Is the size implicit? What are the memory attributes? This either needs
documenting here, or point to the right bit to the spec.

> +Stolen Time
> +-----------
> +
> +The structure pointed to by the PV_TIME_ST hypercall is as follows:
> +
> +  Field       | Byte Length | Byte Offset | Description
> +  ----------- | ----------- | ----------- | --------------------------
> +  Revision    |      4      |      0      | Must be 0 for version 0.1
> +  Attributes  |      4      |      4      | Must be 0
> +  Stolen time |      8      |      8      | Stolen time in unsigned
> +              |             |             | nanoseconds indicating how
> +              |             |             | much time this VCPU thread
> +              |             |             | was involuntarily not
> +              |             |             | running on a physical CPU.
> +
> +The structure will be updated by the hypervisor periodically as time is stolen

Is it really periodic? If so, when is the update frequency?

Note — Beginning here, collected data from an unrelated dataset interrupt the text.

(* Consider an arbitrary sequence of instances $\{\mathcal{I}_N\}$ of the binary voting game and an arbitrary sequence of regular strategy profiles $\{\Sigma_N\}_{N\ge1}$, and let $f^N$ be the excess expected vote share of $\Sigma_N$. (i) If $\liminf_{N\to\infty}\sqrt N f^N=+\infty$, then there is a sequence $\varepsilon_N\to0$ such that for every $N$, $\Sigma_N$ is an $\varepsilon_N$-strong Bayes Nash Equilibrium. (ii) If $\liminf_{N\to\infty}\sqrt N f^N<0$ (including $-\infty$), then there are a constant $\varepsilon>0$ and infinitely many $N$ such that $\Sigma_N$ is not an $\varepsilon$-strong Bayes Nash Equilibrium. (iii) If $0\le\liminf_{N\to\infty}\sqrt N f^N<+\infty$ and there is a constant $\psi>0$ such that $\mathrm{Var}(\sum_{n=1}^N X_n^N\mid W=w)\ge\psi N$ for every $N$ and every $w\in\{L,H\}$, then there are a constant $\varepsilon>0$ and infinitely many $N$ such that $\Sigma_N$ is not an $\varepsilon$-strong Bayes Nash Equilibrium.
   Context: Binary voting game. An instance has $N$ agents each voting for $\mathbf{A}$ or $\mathbf{R}$. Unobserved world state $W\in\{L,H\}$ with common prior $P_L,P_H>0$. Conditional on $W$, each agent independently receives a signal $S_n\in\{l,h\}$ with $P_{sw}=\Pr[S_n=s\mid W=w]$, $P_{hH}>P_{hL}$, $P_{lH}<P_{lL}$. With threshold $\mu\in(0,1)$, $\mathbf{A}$ wins iff at least $\mu N$ agents vote $\mathbf{A}$, else $\mathbf{R}$. Agent $n$ has utility $v_n:\{L,H\}\times\{\mathbf{A},\mathbf{R}\}\to\{0,\dots,B\}$ ($B$ fixed) with $v_n(H,\mathbf{A})>v_n(L,\mathbf{A})$, $v_n(H,\mathbf{R})<v_n(L,\mathbf{R})$. Every agent is friendly ($v_n(H,\mathbf{A})>v_n(L,\mathbf{A})>v_n(L,\mathbf{R})>v_n(H,\mathbf{R})$), unfriendly ($v_n(L,\mathbf{R})>v_n(H,\mathbf{R})>v_n(H,\mathbf{A})>v_n(L,\mathbf{A})$) or contingent ($v_n(H,\mathbf{A})>v_n(H,\mathbf{R})$, $v_n(L,\mathbf{R})>v_n(L,\mathbf{A})$); counts $\lfloor\alpha_F N\rfloor$, $\lfloor\alpha_U N\rfloor$, rest, for fixed $\alpha_F,\alpha_U,\alpha_C\ge0$ summing to 1 with $\alpha_F<\mu$, $\alpha_U<1-\mu$ (so the informed majority decision is $\mathbf{A}$ in $H$, $\mathbf{R}$ in $L$). A sequence of instances $\{\mathcal{I}_N\}$: $\mathcal{I}_N$ has $N$ agents; all share $\mu$, prior, signal distribution, $\alpha$'s; utilities arbitrary. Strategy $\sigma=(\beta_l,\beta_h)$, $\beta_s$ = probability of voting $\mathbf{A}$ on signal $s$. Regular profile: friendly agents always vote $\mathbf{A}$, unfriendly agents always vote $\mathbf{R}$. $\lambda^{\mathbf{X}}_w(\Sigma)$: ex-ante probability that $\mathbf{X}$ wins in state $w$. Expected utility $u_n(\Sigma)=\sum_w P_w(\lambda^{\mathbf{A}}_w(\Sigma)v_n(w,\mathbf{A})+\lambda^{\mathbf{R}}_w(\Sigma)v_n(w,\mathbf{R}))$. $\Sigma$ is an $\varepsilon$-strong Bayes Nash Equilibrium if there is no set $D$ of agents and profile $\Sigma'$ with $\sigma'_n=\sigma_n$ for $n\notin D$, $u_n(\Sigma')\ge u_n(\Sigma)$ for all $n\in D$ and $u_n(\Sigma')>u_n(\Sigma)+\varepsilon$ for some $n\in D$. For $\Sigma_N$, $X_n^N=1$ if agent $n$ votes $\mathbf{A}$ and $0$ otherwise; $f^N_H=\frac1N\sum_n E[X_n^N\mid W=H]-\mu$, $f^N_L=\frac1N\sum_n E[1-X_n^N\mid W=L]-(1-\mu)$, $f^N=\min(f^N_H,f^N_L)$. *)

theory Defs
  imports "HOL-Analysis.Analysis"
begin
lemma harmonic_eq_absorption_prob:
  fixes h :: "'s \<times> 'b list \<Rightarrow> real" and c :: "'s \<times> 'b list"
  assumes "pda_harmonic \<sigma> \<rho> p h" and "0 \<le> p" "p \<le> 1"
    and "\<And>x. 0 \<le> h x" "\<And>x. h x \<le> 1" and "\<And>t. h (t, []) = (if t = s' then 1 else 0)"
    and "AE \<omega> in input_space p. \<exists>n. snd (pda_run \<sigma> \<rho> c \<omega> n) = []"
  shows "h c = measure (input_space p)
    (\<Union>n. {\<omega> \<in> space (input_space p). pda_run \<sigma> \<rho> c \<omega> n = (s', [])})"
proof -
  interpret prob_space "input_space p" by (rule prob_space_input_space)
  define E where "E n = {\<omega> \<in> space (input_space p). pda_run \<sigma> \<rho> c \<omega> n = (s', [])}" for n
  define N where "N n = {\<omega> \<in> space (input_space p). snd (pda_run \<sigma> \<rho> c \<omega> n) \<noteq> []}" for n
  have events: "E n \<in> events" "N n \<in> events" for n
    unfolding E_def N_def by (rule sets_input_space_pda_run)+
  have bounds: "prob (E n) \<le> h c" "h c \<le> prob (E n) + prob (N n)" for n
    unfolding E_def N_def by (rule harmonic_bounds_absorption_prob[OF assms(1-6)])+
  have stays: "pda_run \<sigma> \<rho> c \<omega> (Suc n) = pda_run \<sigma> \<rho> c \<omega> n"
    if "snd (pda_run \<sigma> \<rho> c \<omega> n) = []" for \<omega> n
    using pda_run_stays_empty[OF that, of "Suc n"] by simp
  have "incseq E"
    by (rule incseq_SucI) (auto simp: E_def stays)
  with events have lim_E: "(\<lambda>n. prob (E n)) \<longlonglongrightarrow> prob (\<Union>n. E n)"
    by (intro finite_Lim_measure_incseq) auto
  have "decseq N"
    by (rule decseq_SucI) (auto simp: N_def stays simp del: pda_run.simps(2))
  with events have lim_N: "(\<lambda>n. prob (N n)) \<longlonglongrightarrow> prob (\<Inter>n. N n)"
    by (intro finite_Lim_measure_decseq) auto
  have "emeasure (input_space p) (\<Inter>n. N n) = 0"
    using assms(7) AE_iff_measurable[of "\<Inter>n. N n" _ "\<lambda>\<omega>. \<exists>n. snd (pda_run \<sigma> \<rho> c \<omega> n) = []"] events
    by (auto simp: N_def)
  with lim_N have "(\<lambda>n. prob (N n)) \<longlonglongrightarrow> 0"
    by (simp add: emeasure_eq_measure)
  have "prob (\<Union>n. E n) \<le> h c"
    using bounds(1) by (intro LIMSEQ_le_const2[OF lim_E]) auto
  moreover have "h c \<le> prob (\<Union>n. E n)"
    using tendsto_add[OF lim_E \<open>(\<lambda>n. prob (N n)) \<longlonglongrightarrow> 0\<close>] bounds(2)
    by (intro LIMSEQ_le_const) auto
  ultimately show ?thesis
    unfolding E_def by simp
qed

lemma solves_system_imp_eq_alpha_tilde:
  fixes \<sigma> :: "'s::finite \<Rightarrow> bool \<Rightarrow> 'b \<Rightarrow> 's"
  assumes "pda_standing_assumption \<sigma> \<rho>" and "0 < p" "p < 1" and "solves_system \<sigma> \<rho> p a"
  shows "a = (\<lambda>b s s'. alpha_tilde \<sigma> \<rho> p [b] s s')"
proof (intro ext)
  fix b s s'
  from assms(4) have nonneg: "\<And>b s s'. 0 \<le> a b s s'"
    and stochastic: "\<And>b s. (\<Sum>s'\<in>UNIV. a b s s') = 1"
    unfolding solves_system_def by blast+
  have "a b s s' = (\<lambda>(t, u). chain a u t s') (s, [b])"
    by (simp only: prod.case chain_singleton)
  also have "\<dots> = measure (input_space p)
      (\<Union>n. {\<omega> \<in> space (input_space p). pda_run \<sigma> \<rho> (s, [b]) \<omega> n = (s', [])})"
    using assms(1-3)
    by (intro harmonic_eq_absorption_prob[OF pda_harmonic_chain[OF assms(4)]])
      (auto simp: pda_standing_assumption_def chain_nonneg chain_le_1 nonneg stochastic)
  also have "\<dots> = alpha_tilde \<sigma> \<rho> p [b] s s'"
    by (rule alpha_tilde_eq_measure_absorbed[symmetric])
  finally show "a b s s' = alpha_tilde \<sigma> \<rho> p [b] s s'" .
qed

text \<open>Families a(b, s, s') are encoded as vectors indexed by \<open>'b \<times> 's \<times> 's\<close>, so that
  Brouwer's fixed point theorem applies.\<close>

definition stochastic_vecs :: "(real ^ ('b::finite \<times> 's::finite \<times> 's)) set" where
  "stochastic_vecs = {v. (\<forall>i. 0 \<le> v $ i) \<and> (\<forall>b s. (\<Sum>s'\<in>UNIV. v $ (b, s, s')) = 1)}"

definition vec_family :: "real ^ ('b::finite \<times> 's::finite \<times> 's) \<Rightarrow> 'b \<Rightarrow> 's \<Rightarrow> 's \<Rightarrow> real" where
  "vec_family v b s s' = v $ (b, s, s')"

definition system_map ::
  "('s::finite \<Rightarrow> bool \<Rightarrow> 'b::finite \<Rightarrow> 's) \<Rightarrow> ('s \<Rightarrow> bool \<Rightarrow> 'b \<Rightarrow> 'b list) \<Rightarrow> real
     \<Rightarrow> real ^ ('b \<times> 's \<times> 's) \<Rightarrow> real ^ ('b \<times> 's \<times> 's)"
where
  "system_map \<sigma> \<rho> p v =
     vec_lambda (\<lambda>(b, s, s'). \<Sum>x\<in>UNIV. bit_prob p x * Qx \<sigma> \<rho> (vec_family v) x b s s')"

lemma stochastic_vecs_eq_Int:
  "stochastic_vecs = {v. \<forall>i. 0 \<le> v $ i} \<inter> (\<Inter>b. \<Inter>s. (\<lambda>v. \<Sum>s'\<in>UNIV. v $ (b, s, s')) -` {1})"
  unfolding stochastic_vecs_def by auto

lemma stochastic_vecs_le_1: "v \<in> stochastic_vecs \<Longrightarrow> v $ i \<le> 1"
  unfolding stochastic_vecs_def
  using member_le_sum[of "snd (snd i)" UNIV "\<lambda>s'. v $ (fst i, fst (snd i), s')"]
  by (cases i) auto

lemma compact_stochastic_vecs: "compact stochastic_vecs"
proof -
  have "stochastic_vecs \<subseteq> cbox 0 (\<chi> i. 1)"
    by (auto simp: mem_box_cart stochastic_vecs_def stochastic_vecs_le_1)
  moreover have "closed stochastic_vecs"
    unfolding stochastic_vecs_eq_Int
    by (intro closed_Int closed_positive_orthant closed_INT ballI closed_vimage closed_singleton)
      (intro continuous_intros)
  ultimately show ?thesis
    by (metis bounded_cbox bounded_subset compact_eq_bounded_closed)
qed

lemma convex_stochastic_vecs: "convex stochastic_vecs"
  unfolding stochastic_vecs_eq_Int
proof (intro convex_Int convex_INT ballI convex_linear_vimage convex_singleton linear_compose_sum)
  show "convex {v :: real ^ 'n. \<forall>i. 0 \<le> v $ i}"
    by (rule convex_box_cart) (simp add: atLeast_def[symmetric])
qed (rule bounded_linear.linear[OF bounded_linear_vec_nth])

lemma stochastic_vecs_nonempty:
  "vec_lambda (\<lambda>(b, s, s'). if s' = s then 1 else 0) \<in> stochastic_vecs"
  unfolding stochastic_vecs_def by auto

lemma continuous_on_system_map: "continuous_on S (system_map \<sigma> \<rho> p)"
proof -
  have "continuous_on S (\<lambda>v. chain (vec_family v) cs t s')" for cs t s'
  proof (induction cs arbitrary: t)
    case (Cons c cs)
    have "continuous_on S (\<lambda>v. vec_family v c t t')" for t'
      unfolding vec_family_def by (intro continuous_on_component continuous_on_id)
    with Cons show ?case
      unfolding chain.simps by (intro continuous_on_sum continuous_on_mult)
  qed simp
  then show ?thesis
    unfolding system_map_def Qx_def
    by (intro continuous_on_vec_lambda)
      (simp add: case_prod_beta continuous_on_sum continuous_on_mult)
qed
(* Let $\mathcal A=(Q,\Sigma,\delta,\rho)$ be a connected bireversible Mealy automaton whose labeled orbit tree $\mathfrak t(\mathcal A)$ has no active self-liftable branch, and let $\mathfrak j=\mathfrak j(\mathbf e)$ be a jungle tree whose trunk $\mathbf e$ has length $n$ and edge labels $k_1,\dots,k_n$ (from the root down). Then for every $i\in\{0,\dots,n\}$ and every $\mathbf u\in Q^i$ which is a prefix of some stem, the number of stems of $\mathfrak j$ with prefix $\mathbf u$ equals $k_{i+1}k_{i+2}\cdots k_n$ (in particular it depends only on $i$).
   Context: Mealy automata. A Mealy automaton is $\mathcal A=(Q,\Sigma,\delta,\rho)$ with $Q,\Sigma$ finite non-empty sets, $\delta=(\delta_i\colon Q\to Q)_{i\in\Sigma}$, $\rho=(\rho_x\colon\Sigma\to\Sigma)_{x\in Q}$; transitions $x\xrightarrow{i\mid\rho_x(i)}\delta_i(x)$. Invertible: each $\rho_x$ a permutation of $\Sigma$; reversible: each $\delta_i$ a permutation of $Q$; bireversible: invertible, reversible, and for each $j\in\Sigma$ the map $x\mapsto\delta_{\rho_x^{-1}(j)}(x)$ is a permutation of $Q$. Connected: the directed graph on $Q$ with edges $x\to\delta_i(x)$ is connected. Extensions: $\rho_x(i\mathbf s)=\rho_x(i)\rho_{\delta_i(x)}(\mathbf s)$; $\rho_{x_1\cdots x_m}=\rho_{x_m}\circ\cdots\circ\rho_{x_1}$; $\delta_i(x\mathbf u)=\delta_i(x)\delta_{\rho_x(i)}(\mathbf u)$ on $Q^*$, $\delta_{i_1\cdots i_m}=\delta_{i_m}\circ\cdots\circ\delta_{i_1}$. The connected components of $\mathcal A^n$ (stateset $Q^n$, transitions $\mathbf u\xrightarrow{i\mid\rho_{\mathbf u}(i)}\delta_i(\mathbf u)$) are, for reversible $\mathcal A$, the orbits of $Q^n$ under the maps $\delta_{\mathbf s}$. Orbit tree $\mathfrak t(\mathcal A)$: vertices at level $n\ge0$ are the connected components of $\mathcal A^n$; an edge from the component of $\mathbf u\in Q^n$ to that of $\mathbf ux$ for all $\mathbf u,x$; edge $C\to D$ labeled $\#D/\#C$. $\top,\bot$ = first/last vertex of a downward path; level of an edge/path = level of its top vertex. A word of $Q^*\cup Q^\omega$ represents the initial path through the components of its prefixes. Edge $e$ is liftable to $f$ if every word of $\bot(e)$ has a suffix in $\bot(f)$; paths are liftable if corresponding edges are. $f$ is a legitimate child of $e$ if $\top(f)=\bot(e)$ and $f$ is liftable to $e$. A path/subtree $\mathfrak s$ is $k$-self-liftable if for all $i\ge0$ every path in $\mathfrak s$ starting at level $i+k$ is liftable to a path in $\mathfrak s$ starting at level $i$; self-liftable if $k$-self-liftable for some $k>0$. A branch (infinite initial path) is active if its labels are not eventually all $1$. Jungle trees: for a finite 1-self-liftable initial path $\mathbf e$ of length $n$ whose last edge has at least two legitimate children, all labeled $1$, $\mathfrak j(\mathbf e)$ consists of $\mathbf e$ (the trunk) plus all edges descending from $\bot(\mathbf e)$ that are liftable to the last edge of $\mathbf e$. Stems: the words of $\bot(\mathbf e)\subseteq Q^n$. *)

theory Defs
  imports Complex_Main "HOL-Library.Sublist"
begin

record ('q, 'a) mealy =
  states :: "'q set"
  alph   :: "'a set"
  trans  :: "'a \<Rightarrow> 'q \<Rightarrow> 'q"    (* delta_i x *)
  outp   :: "'q \<Rightarrow> 'a \<Rightarrow> 'a"    (* rho_x i *)
definition ring_R :: "nat \<Rightarrow> cpoly set" where
  "ring_R n = {f :: cpoly. \<forall>m :: mon \<in> Poly_Mapping.keys f. Poly_Mapping.keys m \<subseteq> vars n}"

definition var_poly :: "var \<Rightarrow> cpoly" where
  "var_poly v = Poly_Mapping.single (Poly_Mapping.single v 1) 1"

definition X_entry :: "nat \<Rightarrow> nat \<Rightarrow> cpoly" where
  "X_entry i j = (if i < j then var_poly (i, j) else 0)"

definition minors2 :: "nat \<Rightarrow> cpoly set" where
  "minors2 n = {X_entry i j * X_entry k l - X_entry i l * X_entry k j | i k j l.
      1 \<le> i \<and> i < k \<and> k \<le> n + 1 \<and> 1 \<le> j \<and> j < l \<and> l \<le> n + 1}"

definition ideal_gen :: "nat \<Rightarrow> cpoly set \<Rightarrow> cpoly set" where
  "ideal_gen n G = {\<Sum>g\<in>H. q g * g | H q. finite H \<and> H \<subseteq> G \<and> (\<forall>g\<in>H. q g \<in> ring_R n)}"

definition mdeg :: "mon \<Rightarrow> nat" where
  "mdeg a = (\<Sum>v\<in>Poly_Mapping.keys a. Poly_Mapping.lookup a v)"

text \<open>Degree reverse lexicographic order; (u, w) \<in> gt means variable u > w.
  drl_gt gt a b means x^a > x^b: higher degree, or equal degree and the
  entry of a - b at the smallest variable where a, b differ is negative.\<close>
definition drl_gt :: "var rel \<Rightarrow> mon \<Rightarrow> mon \<Rightarrow> bool" where
  "drl_gt gt a b \<longleftrightarrow> mdeg a > mdeg b \<or>
     (mdeg a = mdeg b \<and> (\<exists>v. Poly_Mapping.lookup a v < Poly_Mapping.lookup b v \<and>
        (\<forall>w. Poly_Mapping.lookup a w \<noteq> Poly_Mapping.lookup b w \<longrightarrow> w = v \<or> (w, v) \<in> gt)))"

definition lead_mon :: "var rel \<Rightarrow> cpoly \<Rightarrow> mon" where
  "lead_mon gt f = (THE m. m \<in> Poly_Mapping.keys f \<and> (\<forall>m' \<in> Poly_Mapping.keys f. m' \<noteq> m \<longrightarrow> drl_gt gt m m'))"
(* Let $\zeta>1$. If a distribution $\mu$ over $\{-1,+1\}^n$ is $\zeta$-marginally stable, then for every $\alpha\in(0,1)$, every $x\in\mathbb R^n_{>0}$ and every $i\in[n]$ with $x_i\ge(2\zeta)^{1/(1-\alpha)}$, $$\frac{\partial F_{\mu,\alpha}}{\partial z_i}\Big|_{z=x}\le0,$$ where $F_{\mu,\alpha}(z)=\dfrac{g_\mu(z_1^\alpha,\dots,z_n^\alpha)^{1/\alpha}}{\prod_{j=1}^n(\mu_j(+1)z_j+\mu_j(-1))}$.
   Context: $g_\mu(z)=\sum_\sigma\mu(\sigma)\prod_{j:\sigma_j=+1}z_j$; $\mu_j$ marginal at coordinate $j$; $\Omega(\cdot)$ support; $\mu_\Lambda$ marginal on $\Lambda$; $\mu^\sigma$ conditional on $\sigma\in\Omega(\mu_\Lambda)$. $\zeta$-marginal stability: for every $i\in[n]$, every $S\subseteq\Lambda\subseteq[n]\setminus\{i\}$, and every $\sigma\in\Omega(\mu_\Lambda)$, $R_i^\sigma\le\zeta$ and $R_i^\sigma\le\zeta R_i^{\sigma_S}$, where $R_i^\sigma=\mu_i^\sigma(+1)/\mu_i^\sigma(-1)$. *)

theory Defs
  imports "HOL-Analysis.Analysis"
begin

text \<open>A configuration \<open>\<sigma> \<in> {-1,+1}^n\<close> is encoded by the set \<open>S \<subseteq> {..<n}\<close> of
  coordinates where \<open>\<sigma>_j = +1\<close>.\<close>

definition is_distribution :: "nat \<Rightarrow> (nat set \<Rightarrow> real) \<Rightarrow> bool" where
  "is_distribution n \<mu> \<longleftrightarrow> (\<forall>S\<subseteq>{..<n}. 0 \<le> \<mu> S) \<and> (\<Sum>S\<in>Pow {..<n}. \<mu> S) = 1"
(* Let $f$ be a subluminal rotational wave. Then $\sigma(\mathrm{P})$ is contained in the imaginary axis.
   Context: A traveling wave of speed $c$ ($c^2\neq1$) of $u_{tt}-u_{xx}+\sin u=0$ is a real solution $f$ of $(c^2-1)f''+\sin f=0$, with energy $E$ given by $\tfrac12(c^2-1)(f')^2+1-\cos f=E$. It is subluminal rotational if $c^2<1$ and $E<0$. Let $\gamma=1/(c^2-1)$. $\sigma(\mathrm{P})$ is the set of $\lambda\in\mathbb{C}$ for which $p''-2c\gamma\lambda p'+\gamma(\lambda^2+\cos f(z))p=0$ has a nontrivial solution bounded on $\mathbb{R}$. *)

theory Defs
  imports "HOL-Analysis.Analysis"
begin

definition traveling_wave :: "real \<Rightarrow> (real \<Rightarrow> real) \<Rightarrow> bool" where
  "traveling_wave c f \<longleftrightarrow> c\<^sup>2 \<noteq> 1 \<and>
     (\<exists>f1 f2. \<forall>z. (f has_real_derivative f1 z) (at z) \<and>
                    (f1 has_real_derivative f2 z) (at z) \<and>
                    (c\<^sup>2 - 1) * f2 z + sin (f z) = 0)"

text \<open>Energy density; along a traveling wave it is constant, equal to E.\<close>
definition wave_energy :: "real \<Rightarrow> (real \<Rightarrow> real) \<Rightarrow> real \<Rightarrow> real" where
  "wave_energy c f z = (1/2) * (c\<^sup>2 - 1) * (deriv f z)\<^sup>2 + 1 - cos (f z)"
definition diagonals :: "nat \<Rightarrow> nat \<Rightarrow> nat list set set" where
  "diagonals d n = {D. D \<subseteq> positions d n \<and> card D = n \<and>
      (\<forall>p\<in>D. \<forall>q\<in>D. p \<noteq> q \<longrightarrow> (\<forall>k<d. p ! k \<noteq> q ! k))}"

definition per :: "nat \<Rightarrow> nat \<Rightarrow> mat \<Rightarrow> real" where
  "per d n A = (\<Sum>D\<in>diagonals d n. \<Prod>p\<in>D. A p)"

definition Omega1 :: "nat \<Rightarrow> nat \<Rightarrow> mat set" where
  "Omega1 d n = {A. (\<forall>p. p \<notin> positions d n \<longrightarrow> A p = 0)
      \<and> (\<forall>p\<in>positions d n. 0 \<le> A p)
      \<and> (\<forall>p\<in>positions d n. \<forall>k<d. (\<Sum>j<n. A (p[k := j])) = 1)}"

definition Zer1 :: "nat \<Rightarrow> nat \<Rightarrow> mat set" where
  "Zer1 d n = {A \<in> Omega1 d n. per d n A = 0}"

definition vertices :: "nat \<Rightarrow> nat \<Rightarrow> mat set" where
  "vertices d n = {A \<in> Omega1 d n. \<forall>B\<in>Omega1 d n. \<forall>C\<in>Omega1 d n. \<forall>t::real.
      0 < t \<and> t < 1 \<and> A = (\<lambda>p. t * B p + (1 - t) * C p) \<longrightarrow> B = C}"

definition mat_hull :: "mat set \<Rightarrow> mat set" where
  "mat_hull V = {A. \<exists>S w. finite S \<and> S \<subseteq> V \<and> (\<forall>x\<in>S. 0 \<le> w x) \<and> sum w S = 1
      \<and> A = (\<lambda>p. \<Sum>x\<in>S. w x * x p)}"

definition aff_indep :: "mat set \<Rightarrow> bool" where
  "aff_indep S \<longleftrightarrow> (\<forall>u. sum u S = 0 \<and> (\<lambda>p. \<Sum>x\<in>S. u x * x p) = (\<lambda>_. 0)
      \<longrightarrow> (\<forall>x\<in>S. u x = 0))"

definition aff_dim_ge :: "mat set \<Rightarrow> real \<Rightarrow> bool" where
  "aff_dim_ge X m \<longleftrightarrow> (\<exists>S. S \<subseteq> X \<and> finite S \<and> aff_indep S \<and> real (card S) \<ge> m + 1)"

end

theory Submission
  imports Defs
begin

text \<open>A Latin square \<sigma> of order n, with symbols read modulo n, yields the 0/1 matrix in
  Omega_1(d, n) supported on the positions p with p_3 + ... + p_d = \<sigma>(p_1, p_2) (mod n), and
  this matrix is a vertex. On that support the coordinate sum of p is congruent to the excess
  \<sigma>(p_1, p_2) + p_1 + p_2. Along a diagonal the coordinate sums add up to d n (n - 1) / 2,
  which is n / 2 modulo n when d is odd and n is even. So if every square of a family keeps its
  excess in row i between lo i and hi i, where the sums of lo and of hi lie strictly between
  -n/2 and n/2, no diagonal lies inside the union of the supports: every diagonal meets a
  common zero of the family, and the permanent vanishes on the convex hull.

  A suitable family starts from a perturbation of the cyclic square -(i + j) that contains
  about n/18 * n/2 disjoint intercalates; switching any single one of them keeps the excess
  bounded and produces a square that owns a cell where it differs from all the others. The
  resulting vertices are affinely independent, so the dimension is even of order n^2.\<close>

lemma sum_indicator_eq_1:
  fixes n :: nat
  assumes "\<exists>!j. j < n \<and> P j"
  shows "(\<Sum>j<n. if P j then 1 else 0 :: real) = 1"
proof -
  obtain j0 where j0: "j0 < n" "P j0" using assms by blast
  have "P j \<longleftrightarrow> j = j0" if "j < n" for j
    using assms j0 that by blast
  then have "(\<Sum>j<n. if P j then 1 else 0 :: real) = (\<Sum>j<n. if j = j0 then 1 else 0)"
    by (intro sum.cong) auto
  also have "\<dots> = 1" using j0 by simp
  finally show ?thesis .
qed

> +from the VCPU. It will be present within a reserved region of the normal
> +memory given to the guest. The guest should not attempt to write into this
> +memory. There is a structure by VCPU of the guest.

What if the vcpu writes to it? Does it get a fault? If there is a
structure per vcpu, what is the layout in memory? How does a vcpu find
its own data structure? Is that the address returned by PV_TIME_ST?

> +
> +User space interface
> +====================
> +
> +User space can request that KVM provide the paravirtualized time interface to
> +a guest by creating a KVM_DEV_TYPE_ARM_PV_TIME device, for example:
> +
> +    struct kvm_create_device pvtime_device = {
> +            .type = KVM_DEV_TYPE_ARM_PV_TIME,
> +            .attr = 0,
> +            .flags = 0,
> +    };
> +
> +    pvtime_fd = ioctl(vm_fd, KVM_CREATE_DEVICE, &pvtime_device);
> +
> +The guest IPA of the structures must be given to KVM. This is the base address

nit: s/guest //

> +of an array of stolen time structures (one for each VCPU). For example:
> +
> +    struct kvm_device_attr st_base = {
> +            .group = KVM_DEV_ARM_PV_TIME_PADDR,
> +            .attr = KVM_DEV_ARM_PV_TIME_ST,
> +            .addr = (u64)(unsigned long)&st_paddr
> +    };
> +
> +    ioctl(pvtime_fd, KVM_SET_DEVICE_ATTR, &st_base);

So the allocation itself is performed by the kernel? What are the
ordering requirements between creating vcpus and the device? What are
the alignment requirements for the base address?

> +
> +For migration (or save/restore) of a guest it is necessary to save the contents
> +of the shared page(s) and later restore them. KVM_DEV_ARM_PV_TIME_STATE_SIZE
> +provides the size of this data and KVM_DEV_ARM_PV_TIME_STATE allows the state
> +to be read/written.

Is the size variable depending on the number of vcpus?

> +
> +It is also necessary for the physical address to be set identically when
> +restoring.
> +
> +    void *save_state(int fd, u64 attr, u32 *size) {
> +        struct kvm_device_attr get_size = {
> +                .group = KVM_DEV_ARM_PV_TIME_STATE_SIZE,
> +                .attr = attr,
> +                .addr = (u64)(unsigned long)size
> +        };
> +
> +        ioctl(fd, KVM_GET_DEVICE_ATTR, get_size);
> +
> +        void *buffer = malloc(*size);
> +
> +        struct kvm_device_attr get_state = {
> +                .group = KVM_DEV_ARM_PV_TIME_STATE,
> +                .attr = attr,
> +                .addr = (u64)(unsigned long)size
> +        };
> +
> +        ioctl(fd, KVM_GET_DEVICE_ATTR, buffer);
> +    }
> +
> +    void *st_state = save_state(pvtime_fd, KVM_DEV_ARM_PV_TIME_ST, &st_size);
> +

Thanks,

	M.
-- 
Without deviation from the norm, progress is not possible.